Мы вернулись к нашему возку и поехали дальше, мимо Водайбо, мимо Ленских приисков, с их бараками для рабочих, с их удобными домами для бывших горных инженеров и коттеджами для старых хозяев приисков и прочего начальства.
За Ленскими приисками начались более населенные места, попадались монголо-бурятские селения, с высокими шестами, на которых были надеты конские черепа. Оказалось, что эти шесты с черепами, по поверью монголов и бурят, охраняют человека и его жилье от злых духов.
Мы приближались к Иркутску. Проехали последнюю станцию Качуг, и возок наш остановился у Иркутского вокзала. Я вылез из возка и стоял неподвижно несколько минут, вдыхая запах каменного угля, паровозного дыма и еще чего-то, давно забытого.
Но Амосов потащил меня скорее на вокзал, опасаясь, как бы мы не опоздали на поезд, который шел в Ново-Николаевск. Он оставил меня на скамье с вещами и побежал за билетами. Я сидел на скамье и с великим изумлением глядел на асфальтовую платформу, на стальные рельсы путей, на высокие вагоны, на пыхтящий где-то паровоз.
После стольких месяцев скитаний по таежным тропам, мимо волчьих ям, мимо медвежьих лежбищ, в непроходимой чащобе, когда мне казалось, что я больше никогда не увижу цивилизованного мира, я вдруг увидел, что мир еще не исчез окончательно и я вновь могу пользоваться его благами. Это сознание так меня растрогало, что я тихонько заплакал, как дитя, узнавшее издали свою родную мать.
Но тут прибежал Амосов с ведерком и потащил меня в вагон.
— Билеты уже у меня. Лезь на самую верхнюю полку и возьми с собой мое ведерко.
Я вошел в вагон и забрался на самую верхнюю полку, которая предназначалась для вещей, поставил ведерко Амосова у себя в головах и в изнеможении лег на живот, как это делают тунгусы-охотники.
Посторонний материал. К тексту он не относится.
(* Let $n\geq2$, let $q\in\mathbb{C}$ with $|q|>1$, fix $q^{1/2}$, and let $a_1,\ldots,a_n,b_1,\ldots,b_n$ be nonzero complex parameters with $\prod_{j=1}^n a_j=q^{(n-1)/2}$. Let $x_j(t),y_j(t)$ $(j=1,\ldots,n)$ be functions satisfying the system $q$-$P_{(n,n)}$: \[\begin{split} x_j(t)-x_{j-1}(t)&=\frac{a_jx_j(qt)}{1+x_j(qt)y_{j-1}(t)}-\frac{b_{j-1}x_{j-1}(qt)}{1+x_{j-1}(qt)y_{j-1}(t)},\\ y_j(qt)-y_{j-1}(qt)&=\frac{b_jy_j(t)}{1+x_j(qt)y_j(t)}-\frac{a_jy_{j-1}(t)}{1+x_j(qt)y_{j-1}(t)}, \end{split}\qquad (j=1,\ldots,n),\] where $b_0=q^{-1}b_n$, $x_0(t)=tx_n(t)$, $y_0(t)=q^{-1}t^{-1}y_n(t)$ (as functions of $t$), together with the relation \[ \prod_{j=1}^{n}a_j\frac{1+x_j(qt)y_j(t)}{1+x_j(qt)y_{j-1}(t)}=q^{(n-1)/2}, \] and suppose moreover that $y_j(t)=0$ for all $j=1,\ldots,n$. Then the vector $\mathbf{x}(t)={}^t[x_1(t),\ldots,x_n(t)]$ satisfies the linear $q$-difference system \[ \mathbf{x}(q^{-1}t)=\left(A_0+\frac{A_1}{1-q^{-1}t}\right)\mathbf{x}(t), \] where \[ A_0=\sum_{j=1}^{n}b_jE_{j,j}+\sum_{i=1}^{n}\sum_{j=i+1}^{n}(b_j-a_j)E_{i,j},\qquad A_1=\sum_{i=1}^{n}\sum_{j=1}^{n}(a_j-b_j)E_{i,j}. \]
   Context: $E_{i,j}$ denotes the $n\times n$ matrix unit with $1$ in the $(i,j)$ entry and zeros elsewhere. All denominators are assumed nonzero. *)

theory Defs
  imports Complex_Main "HOL-Library.Function_Algebras"
begin

text \<open>Matrices are functions nat => nat => complex indexed by 1..n;
  the matrix unit E_{i,j}.\<close>
definition matunit :: "nat \<Rightarrow> nat \<Rightarrow> (nat \<Rightarrow> nat \<Rightarrow> complex)" where
  "matunit i j = (\<lambda>k l. if k = i \<and> l = j then 1 else 0)"

definition smat :: "complex \<Rightarrow> (nat \<Rightarrow> nat \<Rightarrow> complex) \<Rightarrow> (nat \<Rightarrow> nat \<Rightarrow> complex)" where
  "smat c M = (\<lambda>k l. c * M k l)"

text \<open>Extension of the index range to j = 0 via the conventions
  b_0 = q^{-1} b_n, x_0(t) = t x_n(t), y_0(t) = q^{-1} t^{-1} y_n(t).\<close>
definition bext :: "complex \<Rightarrow> nat \<Rightarrow> (nat \<Rightarrow> complex) \<Rightarrow> nat \<Rightarrow> complex" where
  "bext q n b j = (if j = 0 then b n / q else b j)"

definition xext :: "nat \<Rightarrow> (nat \<Rightarrow> complex \<Rightarrow> complex) \<Rightarrow> nat \<Rightarrow> complex \<Rightarrow> complex" where
  "xext n x j t = (if j = 0 then t * x n t else x j t)"

definition yext :: "complex \<Rightarrow> nat \<Rightarrow> (nat \<Rightarrow> complex \<Rightarrow> complex) \<Rightarrow> nat \<Rightarrow> complex \<Rightarrow> complex" where
  "yext q n y j t = (if j = 0 then y n t / (q * t) else y j t)"

definition A0 :: "nat \<Rightarrow> (nat \<Rightarrow> complex) \<Rightarrow> (nat \<Rightarrow> complex) \<Rightarrow> (nat \<Rightarrow> nat \<Rightarrow> complex)" where
  "A0 n a b = (\<Sum>j\<in>{1..n}. smat (b j) (matunit j j))
     + (\<Sum>i\<in>{1..n}. \<Sum>j\<in>{i+1..n}. smat (b j - a j) (matunit i j))"

definition A1 :: "nat \<Rightarrow> (nat \<Rightarrow> complex) \<Rightarrow> (nat \<Rightarrow> complex) \<Rightarrow> (nat \<Rightarrow> nat \<Rightarrow> complex)" where
  "A1 n a b = (\<Sum>i\<in>{1..n}. \<Sum>j\<in>{1..n}. smat (a j - b j) (matunit i j))"

end

theory Submission
  imports Defs
begin

text \<open>For y = 0 the first equation of q-P(n,n) becomes linear: with s = t/q it reads
  x_j(s) - x_{j-1}(s) = a_j x_j(t) - b_{j-1} x_{j-1}(t). Summing from 1 to i expresses x_i(s)
  through the partial sums of a_k x_k(t) and b_k x_k(t) plus the boundary term
  s (x_n(s) - b_n x_n(t)) coming from x_0 = s x_n; the case i = n determines that term as
  s/(1 - s) times the sum of (a_k - b_k) x_k(t), which is exactly the contribution of A_1.
  Only the first equation and y = 0 enter.\<close>

lemma sum_apply: "(sum f S) x = (\<Sum>k\<in>S. f k x)"
  by (induction S rule: infinite_finite_induct) (auto simp: plus_fun_def zero_fun_def)

lemma smat_matunit: "smat c (matunit k l) i j = (if k = i \<and> l = j then c else 0)"
  by (simp add: smat_def matunit_def)

lemma A0_entry:
  assumes i: "i \<in> {1..n}" and j: "j \<in> {1..n}"
  shows "A0 n a b i j = (if i = j then b j else 0) + (if i < j then b j - a j else 0)"
proof -
  have "(\<Sum>k\<in>{1..n}. smat (b k) (matunit k k) i j)
      = (\<Sum>k\<in>{1..n}. if k = i then (if i = j then b j else 0) else 0)"
    by (intro sum.cong) (auto simp: smat_matunit)
  moreover have "(\<Sum>k\<in>{1..n}. \<Sum>l\<in>{k+1..n}. smat (b l - a l) (matunit k l) i j)
      = (\<Sum>k\<in>{1..n}. if k = i then (if i < j then b j - a j else 0) else 0)"
    using j by (intro sum.cong) (auto simp: smat_matunit)
  ultimately show ?thesis
    using i unfolding A0_def by (simp add: sum_apply)
qed

lemma A0_mult_vec:
  assumes i: "i \<in> {1..n}"
  shows "(\<Sum>j\<in>{1..n}. A0 n a b i j * v j) = b i * v i + (\<Sum>j\<in>{i<..n}. (b j - a j) * v j)"
proof -
  have split: "{1..n} = insert i ({1..<i} \<union> {i<..n})" using i by auto
  have "(\<Sum>j\<in>{1..n}. A0 n a b i j * v j)
      = (\<Sum>j\<in>insert i ({1..<i} \<union> {i<..n}). ((if i = j then b j else 0) + (if i < j then b j - a j else 0)) * v j)"
    unfolding split[symmetric] by (intro sum.cong) (simp_all add: A0_entry[OF i])
  also have "\<dots> = b i * v i + (\<Sum>j\<in>{i<..n}. (b j - a j) * v j)"
    by (subst sum.insert, simp_all, subst sum.union_disjoint)
      (auto intro!: sum.neutral sum.cong)
  finally show ?thesis .
qed

lemma A1_entry:
  assumes "i \<in> {1..n}" "j \<in> {1..n}"
  shows "A1 n a b i j = a j - b j"
proof -
  have "A1 n a b i j = (\<Sum>k\<in>{1..n}. if k = i then a j - b j else 0)"
    unfolding A1_def sum_apply using assms by (intro sum.cong) (auto simp: smat_matunit)
  then show ?thesis using assms by simp
qed

lemma A0_A1_mult_vec:
  assumes i: "i \<in> {1..n}"
  shows "(\<Sum>j\<in>{1..n}. (A0 n a b i j + w * A1 n a b i j) * v j)
    = (\<Sum>j\<in>{1..i}. a j * v j) - (\<Sum>j\<in>{1..<i}. b j * v j)
      + (w - 1) * (\<Sum>j\<in>{1..n}. (a j - b j) * v j)"
proof -
  have split: "{1..n} = {1..i} \<union> {i<..n}" using i by auto
  have last: "(\<Sum>j\<in>{1..i}. b j * v j) = b i * v i + (\<Sum>j\<in>{1..<i}. b j * v j)"
    using i by (simp add: atLeastLessThanSuc_atLeastAtMost[symmetric] sum.atLeastLessThan_Suc)
  have "(\<Sum>j\<in>{1..n}. (a j - b j) * v j)
      = (\<Sum>j\<in>{1..i}. (a j - b j) * v j) + (\<Sum>j\<in>{i<..n}. (a j - b j) * v j)"
    unfolding split by (rule sum.union_disjoint) auto
  also have "(\<Sum>j\<in>{1..i}. (a j - b j) * v j) = (\<Sum>j\<in>{1..i}. a j * v j) - (\<Sum>j\<in>{1..i}. b j * v j)"
    by (simp add: sum_subtractf algebra_simps)
  also note last
  finally have D: "(\<Sum>j\<in>{1..n}. (a j - b j) * v j)
      = (\<Sum>j\<in>{1..i}. a j * v j) - (b i * v i + (\<Sum>j\<in>{1..<i}. b j * v j))
        + (\<Sum>j\<in>{i<..n}. (a j - b j) * v j)" .
  have "(\<Sum>j\<in>{1..n}. w * A1 n a b i j * v j) = w * (\<Sum>j\<in>{1..n}. (a j - b j) * v j)"
    unfolding sum_distrib_left mult.assoc by (intro sum.cong) (simp_all add: A1_entry[OF i])
  then have lhs: "(\<Sum>j\<in>{1..n}. (A0 n a b i j + w * A1 n a b i j) * v j)
      = b i * v i + (\<Sum>j\<in>{i<..n}. (b j - a j) * v j) + w * (\<Sum>j\<in>{1..n}. (a j - b j) * v j)"
    using A0_mult_vec[OF i] by (simp add: distrib_right sum.distrib)
  have "(\<Sum>j\<in>{i<..n}. (b j - a j) * v j) = - (\<Sum>j\<in>{i<..n}. (a j - b j) * v j)"
    by (simp add: sum_negf[symmetric] algebra_simps)
  then show ?thesis
    unfolding lhs by (subst (1 2) D) (simp add: algebra_simps)
qed

lemma telescope_first_order:
  fixes u v a b :: "nat \<Rightarrow> 'a::comm_ring"
  assumes "\<And>j. j \<in> {1..i} \<Longrightarrow> u j - u (j - 1) = a j * v j - b (j - 1) * v (j - 1)"
  shows "u i = u 0 + (\<Sum>k\<in>{1..i}. a k * v k) - (\<Sum>k<i. b k * v k)"
  using assms
proof (induction i)
  case (Suc i)
  have step: "u (Suc i) - u i = a (Suc i) * v (Suc i) - b i * v i"
    using Suc.prems by fastforce
  have "u i = u 0 + (\<Sum>k\<in>{1..i}. a k * v k) - (\<Sum>k<i. b k * v k)"
    using Suc by simp
  with step show ?case by (simp add: algebra_simps)
qed simp

lemma linear_qdiff_of_reduced_system:
  fixes x :: "nat \<Rightarrow> complex \<Rightarrow> complex"
  assumes q: "q \<noteq> 0" and s: "s \<noteq> 1" and i: "i \<in> {1..n}"
    and step: "\<And>j. j \<in> {1..n} \<Longrightarrow> xext n x j s - xext n x (j - 1) s
      = a j * xext n x j (q * s) - bext q n b (j - 1) * xext n x (j - 1) (q * s)"
  shows "x i s = (\<Sum>j\<in>{1..n}. (A0 n a b i j + A1 n a b i j / (1 - s)) * x j (q * s))"
proof -
  define v where "v j = x j (q * s)" for j
  define D where "D = (\<Sum>j\<in>{1..n}. (a j - b j) * v j)"
  define P where "P k = (\<Sum>j\<in>{1..k}. a j * v j) - (\<Sum>j\<in>{1..<k}. b j * v j)" for k
  have partial: "x k s = s * (x n s - b n * v n) + P k" if k: "k \<in> {1..n}" for k
  proof -
    have "xext n x k s = xext n x 0 s + (\<Sum>j\<in>{1..k}. a j * xext n x j (q * s))
        - (\<Sum>j<k. bext q n b j * xext n x j (q * s))"
      using step k by (intro telescope_first_order) auto
    moreover have "(\<Sum>j\<in>{1..k}. a j * xext n x j (q * s)) = (\<Sum>j\<in>{1..k}. a j * v j)"
      by (intro sum.cong) (auto simp: xext_def v_def)
    moreover have "(\<Sum>j<k. bext q n b j * xext n x j (q * s)) = s * b n * v n + (\<Sum>j\<in>{1..<k}. b j * v j)"
    proof -
      have "{..<k} = insert 0 {1..<k}" using k by auto
      moreover have "(\<Sum>j\<in>{1..<k}. bext q n b j * xext n x j (q * s)) = (\<Sum>j\<in>{1..<k}. b j * v j)"
        by (intro sum.cong) (auto simp: xext_def bext_def v_def)
      ultimately show ?thesis using q by (simp add: xext_def bext_def v_def)
    qed
    ultimately show ?thesis
      using k by (simp add: xext_def P_def algebra_simps)
  qed
  have "P n = D + b n * v n"
  proof -
    have "{1..n} = insert n {1..<n}" using i by auto
    then have "(\<Sum>j\<in>{1..n}. b j * v j) = b n * v n + (\<Sum>j\<in>{1..<n}. b j * v j)" by simp
    then show ?thesis by (simp add: P_def D_def sum_subtractf algebra_simps)
  qed
  with partial[of n] i have "(x n s - b n * v n) * (1 - s) = D"
    by (simp add: algebra_simps)
  moreover have "1 - s \<noteq> 0" using s by simp
  ultimately have "x n s - b n * v n = D / (1 - s)"
    by (simp add: eq_divide_eq)
  moreover have "s * (D / (1 - s)) = (1 / (1 - s) - 1) * D"
    using \<open>1 - s \<noteq> 0\<close> by (simp add: field_simps)
  ultimately have "s * (x n s - b n * v n) = (1 / (1 - s) - 1) * D"
    by simp
  then have "x i s = P i + (1 / (1 - s) - 1) * D"
    using partial[OF i] by simp
  also have "\<dots> = (\<Sum>j\<in>{1..n}. (A0 n a b i j + 1 / (1 - s) * A1 n a b i j) * v j)"
    unfolding A0_A1_mult_vec[OF i] P_def D_def ..
  finally show ?thesis by (simp add: v_def)
qed

theorem mainTheorem3:
  fixes n :: nat and q sq :: complex
    and a b :: "nat \<Rightarrow> complex"
    and x y :: "nat \<Rightarrow> complex \<Rightarrow> complex"
  assumes n2: "n \<ge> 2"
    and q: "norm q > 1"
    and sq: "sq ^ 2 = q"
    and a_nz: "\<forall>j\<in>{1..n}. a j \<noteq> 0"
    and b_nz: "\<forall>j\<in>{1..n}. b j \<noteq> 0"
    and prod_a: "(\<Prod>j\<in>{1..n}. a j) = sq ^ (n - 1)"
    and eq1: "\<forall>t. t \<noteq> 0 \<longrightarrow> (\<forall>j\<in>{1..n}.
        xext n x j t - xext n x (j - 1) t
        = a j * xext n x j (q * t) / (1 + xext n x j (q * t) * yext q n y (j - 1) t)
          - bext q n b (j - 1) * xext n x (j - 1) (q * t)
              / (1 + xext n x (j - 1) (q * t) * yext q n y (j - 1) t))"
    and eq2: "\<forall>t. t \<noteq> 0 \<longrightarrow> (\<forall>j\<in>{1..n}.
        yext q n y j (q * t) - yext q n y (j - 1) (q * t)
        = b j * yext q n y j t / (1 + xext n x j (q * t) * yext q n y j t)
          - a j * yext q n y (j - 1) t / (1 + xext n x j (q * t) * yext q n y (j - 1) t))"
    and rel: "\<forall>t. t \<noteq> 0 \<longrightarrow>
        (\<Prod>j\<in>{1..n}. a j * (1 + xext n x j (q * t) * yext q n y j t)
                          / (1 + xext n x j (q * t) * yext q n y (j - 1) t)) = sq ^ (n - 1)"
    and y0: "\<forall>j\<in>{1..n}. \<forall>t. y j t = 0"
  shows "\<forall>t. t \<noteq> 0 \<and> 1 - t / q \<noteq> 0 \<longrightarrow> (\<forall>i\<in>{1..n}.
      x i (t / q) = (\<Sum>j\<in>{1..n}. (A0 n a b i j + A1 n a b i j / (1 - t / q)) * x j t))"
proof (intro allI impI ballI)
  fix t i assume t: "t \<noteq> 0 \<and> 1 - t / q \<noteq> 0" and i: "i \<in> {1..n}"
  have "q \<noteq> 0" using q by auto
  have s: "t / q \<noteq> 0" "t / q \<noteq> 1" "q * (t / q) = t" using t \<open>q \<noteq> 0\<close> by auto
  have y_zero: "yext q n y j r = 0" if "j \<le> n" for j r
    using y0 that n2 by (auto simp: yext_def)
  have step: "xext n x j (t / q) - xext n x (j - 1) (t / q)
      = a j * xext n x j (q * (t / q)) - bext q n b (j - 1) * xext n x (j - 1) (q * (t / q))"
    if "j \<in> {1..n}" for j
  proof -
    have "yext q n y (j - 1) (t / q) = 0" using that by (intro y_zero) auto
    then show ?thesis using eq1[rule_format, OF s(1) that] s(3) by simp
  qed
  show "x i (t / q) = (\<Sum>j\<in>{1..n}. (A0 n a b i j + A1 n a b i j / (1 - t / q)) * x j t)"
    using linear_qdiff_of_reduced_system[OF \<open>q \<noteq> 0\<close> s(2) i step] by (simp only: s(3))
qed

end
После вольных просторов девственной тайги, после болот и рек давно забытый рокот стальных колес, стук рельсов — все это слилось вместе, и я заснул.
Был день, и была ночь — не помню, сколько часов я проспал, иногда ненадолго просыпаясь, не совсем понимая, где я, слышал гудки паровоза и ощущал запах вагонной пыли, смешанной с запахом топленого масла от ведерка, и опять засыпал. Наконец с трудом проснулся от голоса Амосова, который дергал меня за ногу и даже брызгал в лицо водой. Я слез с полки, отдал Амосову ведерко и как очумелый сел на нижнюю скамью.
— Скоро приедем, — заторопил меня Амосов, — еще один пролет, и будет Ново-Николаевск. Тебе слезать. В городе сразу же иди в редакцию «Советской Сибири». А мне дальше, до Москвы.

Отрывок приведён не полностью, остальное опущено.